THE TASK: When copying the data, keep every line exactly the same.

*** DATA Section Begins ***

lemma L2_sum: "(\<And>k. e k \<in> L2) \<Longrightarrow> (\<lambda>x. \<Sum>k\<in>A. a k * e k x) \<in> L2"
proof (induction A rule: infinite_finite_induct)
  case (insert k A)
  then have "(\<lambda>x. a k * e k x + (\<Sum>k\<in>A. a k * e k x)) \<in> L2"
    by (intro L2_add L2_mult_left) auto
  with insert show ?case by simp
qed (auto simp: L2_def)

lemma L2_inner_diff_left:
  "f \<in> L2 \<Longrightarrow> g \<in> L2 \<Longrightarrow> h \<in> L2 \<Longrightarrow>
   L2_inner (\<lambda>x. f x - g x) h = L2_inner f h - L2_inner g h"
  unfolding L2_inner_def by (simp add: left_diff_distrib L2_integrable_mult_cnj)

lemma L2_inner_diff_right:
  "f \<in> L2 \<Longrightarrow> g \<in> L2 \<Longrightarrow> h \<in> L2 \<Longrightarrow>
   L2_inner h (\<lambda>x. f x - g x) = L2_inner h f - L2_inner h g"
  unfolding L2_inner_def by (simp add: right_diff_distrib L2_integrable_mult_cnj)

lemma L2_inner_sum_left:
  "(\<And>k. e k \<in> L2) \<Longrightarrow> g \<in> L2 \<Longrightarrow>
   L2_inner (\<lambda>x. \<Sum>k\<in>A. a k * e k x) g = (\<Sum>k\<in>A. a k * L2_inner (e k) g)"
  unfolding L2_inner_def
  by (simp add: sum_distrib_right mult.assoc integral_sum L2_integrable_mult_cnj)

lemma L2_inner_commute: "L2_inner g f = cnj (L2_inner f g)"
  unfolding L2_inner_def by (simp add: Bochner_Integration.integral_cnj[symmetric] mult.commute)

lemma L2_inner_sum_right:
  "(\<And>k. e k \<in> L2) \<Longrightarrow> g \<in> L2 \<Longrightarrow>
   L2_inner g (\<lambda>x. \<Sum>k\<in>A. a k * e k x) = (\<Sum>k\<in>A. cnj (a k) * L2_inner g (e k))"
  by (subst (1 2) L2_inner_commute) (simp add: L2_inner_sum_left)

lemma L2_inner_self: "L2_inner f f = complex_of_real (\<integral>x. (cmod (f x))\<^sup>2 \<partial>lborel)"
  unfolding L2_inner_def by (simp only: complex_norm_square[symmetric] integral_complex_of_real)

lemma L2_inner_cnj: "L2_inner (\<lambda>x. cnj (f x)) (\<lambda>x. cnj (g x)) = cnj (L2_inner f g)"
  unfolding L2_inner_def by (simp add: Bochner_Integration.integral_cnj[symmetric])

lemma L2_orthonormal_cnj: "L2_orthonormal e \<Longrightarrow> L2_orthonormal (\<lambda>k x. cnj (e k x))"
  by (simp add: L2_orthonormal_def L2_cnj L2_inner_cnj)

*** DATA Section Ends ***

REPLY TO THE TASK:
lemma L2_sum: "(\<And>k. e k \<in> L2) \<Longrightarrow> (\<lambda>x. \<Sum>k\<in>A. a k * e k x) \<in> L2"
proof (induction A rule: infinite_finite_induct)
  case (insert k A)
  then have "(\<lambda>x. a k * e k x + (\<Sum>k\<in>A. a k * e k x)) \<in> L2"
    by (intro L2_add L2_mult_left) auto
  with insert show ?case by simp
qed (auto simp: L2_def)

lemma L2_inner_diff_left:
  "f \<in> L2 \<Longrightarrow> g \<in> L2 \<Longrightarrow> h \<in> L2 \<Longrightarrow>
   L2_inner (\<lambda>x. f x - g x) h = L2_inner f h - L2_inner g h"
  unfolding L2_inner_def by (simp add: left_diff_distrib L2_integrable_mult_cnj)

lemma L2_inner_diff_right:
  "f \<in> L2 \<Longrightarrow> g \<in> L2 \<Longrightarrow> h \<in> L2 \<Longrightarrow>
   L2_inner h (\<lambda>x. f x - g x) = L2_inner h f - L2_inner h g"
  unfolding L2_inner_def by (simp add: right_diff_distrib L2_integrable_mult_cnj)

lemma L2_inner_sum_left:
  "(\<And>k. e k \<in> L2) \<Longrightarrow> g \<in> L2 \<Longrightarrow>
   L2_inner (\<lambda>x. \<Sum>k\<in>A. a k * e k x) g = (\<Sum>k\<in>A. a k * L2_inner (e k) g)"
  unfolding L2_inner_def
  by (simp add: sum_distrib_right mult.assoc integral_sum L2_integrable_mult_cnj)

lemma L2_inner_commute: "L2_inner g f = cnj (L2_inner f g)"
  unfolding L2_inner_def by (simp add: Bochner_Integration.integral_cnj[symmetric] mult.commute)

lemma L2_inner_sum_right:
  "(\<And>k. e k \<in> L2) \<Longrightarrow> g \<in> L2 \<Longrightarrow>
   L2_inner g (\<lambda>x. \<Sum>k\<in>A. a k * e k x) = (\<Sum>k\<in>A. cnj (a k) * L2_inner g (e k))"
  by (subst (1 2) L2_inner_commute) (simp add: L2_inner_sum_left)

lemma L2_inner_self: "L2_inner f f = complex_of_real (\<integral>x. (cmod (f x))\<^sup>2 \<partial>lborel)"
  unfolding L2_inner_def by (simp only: complex_norm_square[symmetric] integral_complex_of_real)

lemma L2_inner_cnj: "L2_inner (\<lambda>x. cnj (f x)) (\<lambda>x. cnj (g x)) = cnj (L2_inner f g)"
  unfolding L2_inner_def by (simp add: Bochner_Integration.integral_cnj[symmetric])

lemma L2_orthonormal_cnj: "L2_orthonormal e \<Longrightarrow> L2_orthonormal (\<lambda>k x. cnj (e k x))"
  by (simp add: L2_orthonormal_def L2_cnj L2_inner_cnj)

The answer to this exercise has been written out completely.